Excerpts from a dataset:
>>>
text \<open>List the vertices of \<open>H\<^sub>g\<^sub>+\<^sub>1\<close> as the four hubs followed by the inner vertices of the four
  copies. The inner block of \<open>A\<^sub>g\<^sub>+\<^sub>1\<close> is then block diagonal with four copies of \<open>K\<^sub>g\<close>, and every
  entry between a hub and an inner vertex is an entry of \<open>A\<^sub>g\<close> between a hub and an inner vertex of
  one copy. Taking the Schur complement of the inner block turns \<open>A\<^sub>g\<^sub>+\<^sub>1\<close> into \<open>z A\<^sub>1\<close>, where \<open>z\<close> is
  the off-diagonal entry of the (skew-symmetric, \<open>2 \<times> 2\<close>) Schur complement of \<open>K\<^sub>g\<close> in \<open>A\<^sub>g\<close>, scaled by
  \<open>det K\<^sub>g\<close> to avoid division. This gives \<open>det A\<^sub>g \<cdot> det K\<^sub>g = z\<^sup>2\<close>, \<open>det A\<^sub>g\<^sub>+\<^sub>1 = 4 z\<^sup>4\<close> and
  \<open>det K\<^sub>g\<^sub>+\<^sub>1 = z\<^sup>2 (det K\<^sub>g)\<^sup>2\<close>; the last two identities show inductively that \<open>det K\<^sub>g \<noteq> 0\<close>,
  which justifies the cancellations.\<close>

section \<open>The graphs \<open>H\<^sub>g\<close>\<close>

lemma less_four_iff: "(i::nat) < 4 \<longleftrightarrow> i = 0 \<or> i = 1 \<or> i = 2 \<or> i = 3"
  by auto

lemma less_two_iff: "(k::nat) < 2 \<longleftrightarrow> k = 0 \<or> k = 1"
  by auto

lemma four_le_nv: "0 < g \<Longrightarrow> 4 \<le> nv g"
proof (induction g)
  case (Suc g) then show ?case by (cases g) auto
qed simp

lemma nv_Suc: "0 < g \<Longrightarrow> nv (Suc g) = 4 * nv g - 4"
  by (cases g) auto

lemma even_nv: "0 < g \<Longrightarrow> even (nv g)"
proof (induction g)
  case (Suc g) then show ?case by (cases g) auto
qed simp

lemma arc_Suc: "0 < g \<Longrightarrow> arc (Suc g) x y \<longleftrightarrow>
    (\<exists>i<4. \<exists>u<nv g. \<exists>w<nv g. arc g u w \<and> x = emb g i u \<and> y = emb g i w)"
  by (cases g) auto

lemma arc_1_iff: "arc (Suc 0) x y \<longleftrightarrow> (x = 0 \<and> y = 1) \<or> (x = 0 \<and> y = 2) \<or> (x = 3 \<and> y = 1) \<or> (x = 2 \<and> y = 3)"
  by (simp only: arc.simps insert_iff empty_iff prod.inject simp_thms)

lemma arc_1_asym: "\<not> (arc (Suc 0) x y \<and> arc (Suc 0) y x)"
  unfolding arc_1_iff by linarith

lemma hub_img_less_four: "i < 4 \<Longrightarrow> k < 2 \<Longrightarrow> hub_img i k < 4"
  unfolding less_four_iff less_two_iff by (auto simp: hub_img_def)

lemma hub_img_inj: "i < 4 \<Longrightarrow> k < 2 \<Longrightarrow> l < 2 \<Longrightarrow> hub_img i k = hub_img i l \<Longrightarrow> k = l"
  unfolding less_four_iff less_two_iff by (auto simp: hub_img_def)

lemma hub_img_pair_eq_imp_same_copy:
  "i < 4 \<Longrightarrow> j < 4 \<Longrightarrow> u < 2 \<Longrightarrow> w < 2 \<Longrightarrow> u' < 2 \<Longrightarrow> w' < 2 \<Longrightarrow> u \<noteq> w \<Longrightarrow>
    hub_img i u = hub_img j u' \<Longrightarrow> hub_img i w = hub_img j w' \<Longrightarrow> i = j"
  unfolding less_four_iff less_two_iff by (auto simp: hub_img_def)

lemma emb_hub: "u < 2 \<Longrightarrow> emb g i u = hub_img i u"
  by (simp add: emb_def)

lemma emb_inner: "u < nv g - 2 \<Longrightarrow> emb g i (u + 2) = 4 + (i * (nv g - 2) + u)"
  by (simp add: emb_def)

lemma four_le_emb: "2 \<le> u \<Longrightarrow> 4 \<le> emb g i u"
  by (simp add: emb_def)

lemma emb_less_four_imp_hub: "emb g i u < 4 \<Longrightarrow> u < 2 \<and> hub_img i u = emb g i u"
  using four_le_emb[of u g i] emb_hub[of u g i] by (cases "u < 2") auto

lemma emb_less_nv_Suc:
  assumes "0 < g" "i < 4" "u < nv g"
  shows "emb g i u < nv (Suc g)"
proof (cases "u < 2")
  case True
  then show ?thesis
    using hub_img_less_four[OF assms(2) True] four_le_nv[OF assms(1)] nv_Suc[OF assms(1)]
    by (simp add: emb_def)
next
  case False
  define n where "n = nv g - 2"
  have "emb g i u = 4 + (i * n + (u - 2))"
    using False by (simp add: emb_def n_def)
  moreover have "i * n + (u - 2) < 4 * n"
  proof -
    have "i * n \<le> 3 * n" using assms(2) by simp
    moreover have "u - 2 < n" using assms(3) False by (simp add: n_def)
    ultimately show ?thesis by linarith
  qed
  moreover have "nv (Suc g) = 4 + 4 * n"
    using four_le_nv[OF assms(1)] nv_Suc[OF assms(1)] by (simp add: n_def)
  ultimately show ?thesis by linarith
qed
(* Let $A$ be a finite alphabet. Define $P,H\in I(A^* )$ by $P(u,v)=\binom{v}{u}$ and $H(u,v)=\binom{v}{u}\eta(u,v)$. Then $P=e^H$, where $e^H=\delta+H+\frac{1}{2!}H^2+\frac{1}{3!}H^3+\cdots$ (each entry of this series is a finite sum).
   Context: $A^*$ is the set of finite words over the finite alphabet $A$; $|w|$ is the length of $w$. For words $u=a_1\cdots a_k$ and $v=b_1\cdots b_n$, $\binom{v}{u}$ denotes the number of order-preserving injections $\varphi:[k]\to[n]$ with $a_i=b_{\varphi(i)}$ for all $i$ (occurrences of $u$ as a subsequence of $v$). $A^*$ is partially ordered by $u\le v$ iff $\binom{v}{u}>0$. For a locally finite poset $Q$, the incidence algebra $I(Q)$ over $\mathbb{Q}$ consists of all functions $F$ on pairs $(x,y)$ with $x\le y$, with convolution $(FG)(x,y)=\sum_{x\le z\le y}F(x,z)G(z,y)$ and identity $\delta(x,y)=[x=y]$ (Iverson bracket). $\eta(x,y)=[y\text{ covers }x]$; in $A^*$, $v$ covers $u$ iff $u\le v$ and $|v|=|u|+1$. *)

theory Defs
  imports Complex_Main
begin

text \<open>Occurrences of u as a subsequence of v: order-preserving maps
  phi : [|u|] -> [|v|] (0-based, made extensional by phi i = 0 outside the domain)
  with u_i = v_(phi i).\<close>
definition occ_maps :: "'a list \<Rightarrow> 'a list \<Rightarrow> (nat \<Rightarrow> nat) set" where
  "occ_maps u v = {\<phi>. (\<forall>i<length u. \<phi> i < length v \<and> u ! i = v ! (\<phi> i))
                     \<and> (\<forall>i j. i < j \<and> j < length u \<longrightarrow> \<phi> i < \<phi> j)
                     \<and> (\<forall>i. length u \<le> i \<longrightarrow> \<phi> i = 0)}"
<<<
=== Work required ===
Every entry is to be repeated exactly as it stands.

=== Solution to this exercise ===
text \<open>List the vertices of \<open>H\<^sub>g\<^sub>+\<^sub>1\<close> as the four hubs followed by the inner vertices of the four
  copies. The inner block of \<open>A\<^sub>g\<^sub>+\<^sub>1\<close> is then block diagonal with four copies of \<open>K\<^sub>g\<close>, and every
  entry between a hub and an inner vertex is an entry of \<open>A\<^sub>g\<close> between a hub and an inner vertex of
  one copy. Taking the Schur complement of the inner block turns \<open>A\<^sub>g\<^sub>+\<^sub>1\<close> into \<open>z A\<^sub>1\<close>, where \<open>z\<close> is
  the off-diagonal entry of the (skew-symmetric, \<open>2 \<times> 2\<close>) Schur complement of \<open>K\<^sub>g\<close> in \<open>A\<^sub>g\<close>, scaled by
  \<open>det K\<^sub>g\<close> to avoid division. This gives \<open>det A\<^sub>g \<cdot> det K\<^sub>g = z\<^sup>2\<close>, \<open>det A\<^sub>g\<^sub>+\<^sub>1 = 4 z\<^sup>4\<close> and
  \<open>det K\<^sub>g\<^sub>+\<^sub>1 = z\<^sup>2 (det K\<^sub>g)\<^sup>2\<close>; the last two identities show inductively that \<open>det K\<^sub>g \<noteq> 0\<close>,
  which justifies the cancellations.\<close>

section \<open>The graphs \<open>H\<^sub>g\<close>\<close>

lemma less_four_iff: "(i::nat) < 4 \<longleftrightarrow> i = 0 \<or> i = 1 \<or> i = 2 \<or> i = 3"
  by auto

lemma less_two_iff: "(k::nat) < 2 \<longleftrightarrow> k = 0 \<or> k = 1"
  by auto

lemma four_le_nv: "0 < g \<Longrightarrow> 4 \<le> nv g"
proof (induction g)
  case (Suc g) then show ?case by (cases g) auto
qed simp

lemma nv_Suc: "0 < g \<Longrightarrow> nv (Suc g) = 4 * nv g - 4"
  by (cases g) auto

lemma even_nv: "0 < g \<Longrightarrow> even (nv g)"
proof (induction g)
  case (Suc g) then show ?case by (cases g) auto
qed simp

lemma arc_Suc: "0 < g \<Longrightarrow> arc (Suc g) x y \<longleftrightarrow>
    (\<exists>i<4. \<exists>u<nv g. \<exists>w<nv g. arc g u w \<and> x = emb g i u \<and> y = emb g i w)"
  by (cases g) auto

lemma arc_1_iff: "arc (Suc 0) x y \<longleftrightarrow> (x = 0 \<and> y = 1) \<or> (x = 0 \<and> y = 2) \<or> (x = 3 \<and> y = 1) \<or> (x = 2 \<and> y = 3)"
  by (simp only: arc.simps insert_iff empty_iff prod.inject simp_thms)

lemma arc_1_asym: "\<not> (arc (Suc 0) x y \<and> arc (Suc 0) y x)"
  unfolding arc_1_iff by linarith

lemma hub_img_less_four: "i < 4 \<Longrightarrow> k < 2 \<Longrightarrow> hub_img i k < 4"
  unfolding less_four_iff less_two_iff by (auto simp: hub_img_def)

lemma hub_img_inj: "i < 4 \<Longrightarrow> k < 2 \<Longrightarrow> l < 2 \<Longrightarrow> hub_img i k = hub_img i l \<Longrightarrow> k = l"
  unfolding less_four_iff less_two_iff by (auto simp: hub_img_def)

lemma hub_img_pair_eq_imp_same_copy:
  "i < 4 \<Longrightarrow> j < 4 \<Longrightarrow> u < 2 \<Longrightarrow> w < 2 \<Longrightarrow> u' < 2 \<Longrightarrow> w' < 2 \<Longrightarrow> u \<noteq> w \<Longrightarrow>
    hub_img i u = hub_img j u' \<Longrightarrow> hub_img i w = hub_img j w' \<Longrightarrow> i = j"
  unfolding less_four_iff less_two_iff by (auto simp: hub_img_def)

lemma emb_hub: "u < 2 \<Longrightarrow> emb g i u = hub_img i u"
  by (simp add: emb_def)

lemma emb_inner: "u < nv g - 2 \<Longrightarrow> emb g i (u + 2) = 4 + (i * (nv g - 2) + u)"
  by (simp add: emb_def)

lemma four_le_emb: "2 \<le> u \<Longrightarrow> 4 \<le> emb g i u"
  by (simp add: emb_def)

lemma emb_less_four_imp_hub: "emb g i u < 4 \<Longrightarrow> u < 2 \<and> hub_img i u = emb g i u"
  using four_le_emb[of u g i] emb_hub[of u g i] by (cases "u < 2") auto

lemma emb_less_nv_Suc:
  assumes "0 < g" "i < 4" "u < nv g"
  shows "emb g i u < nv (Suc g)"
proof (cases "u < 2")
  case True
  then show ?thesis
    using hub_img_less_four[OF assms(2) True] four_le_nv[OF assms(1)] nv_Suc[OF assms(1)]
    by (simp add: emb_def)
next
  case False
  define n where "n = nv g - 2"
  have "emb g i u = 4 + (i * n + (u - 2))"
    using False by (simp add: emb_def n_def)
  moreover have "i * n + (u - 2) < 4 * n"
  proof -
    have "i * n \<le> 3 * n" using assms(2) by simp
    moreover have "u - 2 < n" using assms(3) False by (simp add: n_def)
    ultimately show ?thesis by linarith
  qed
  moreover have "nv (Suc g) = 4 + 4 * n"
    using four_le_nv[OF assms(1)] nv_Suc[OF assms(1)] by (simp add: n_def)
  ultimately show ?thesis by linarith
qed
(* Let $A$ be a finite alphabet. Define $P,H\in I(A^* )$ by $P(u,v)=\binom{v}{u}$ and $H(u,v)=\binom{v}{u}\eta(u,v)$. Then $P=e^H$, where $e^H=\delta+H+\frac{1}{2!}H^2+\frac{1}{3!}H^3+\cdots$ (each entry of this series is a finite sum).
   Context: $A^*$ is the set of finite words over the finite alphabet $A$; $|w|$ is the length of $w$. For words $u=a_1\cdots a_k$ and $v=b_1\cdots b_n$, $\binom{v}{u}$ denotes the number of order-preserving injections $\varphi:[k]\to[n]$ with $a_i=b_{\varphi(i)}$ for all $i$ (occurrences of $u$ as a subsequence of $v$). $A^*$ is partially ordered by $u\le v$ iff $\binom{v}{u}>0$. For a locally finite poset $Q$, the incidence algebra $I(Q)$ over $\mathbb{Q}$ consists of all functions $F$ on pairs $(x,y)$ with $x\le y$, with convolution $(FG)(x,y)=\sum_{x\le z\le y}F(x,z)G(z,y)$ and identity $\delta(x,y)=[x=y]$ (Iverson bracket). $\eta(x,y)=[y\text{ covers }x]$; in $A^*$, $v$ covers $u$ iff $u\le v$ and $|v|=|u|+1$. *)

theory Defs
  imports Complex_Main
begin

text \<open>Occurrences of u as a subsequence of v: order-preserving maps
  phi : [|u|] -> [|v|] (0-based, made extensional by phi i = 0 outside the domain)
  with u_i = v_(phi i).\<close>
definition occ_maps :: "'a list \<Rightarrow> 'a list \<Rightarrow> (nat \<Rightarrow> nat) set" where
  "occ_maps u v = {\<phi>. (\<forall>i<length u. \<phi> i < length v \<and> u ! i = v ! (\<phi> i))
                     \<and> (\<forall>i j. i < j \<and> j < length u \<longrightarrow> \<phi> i < \<phi> j)
                     \<and> (\<forall>i. length u \<le> i \<longrightarrow> \<phi> i = 0)}"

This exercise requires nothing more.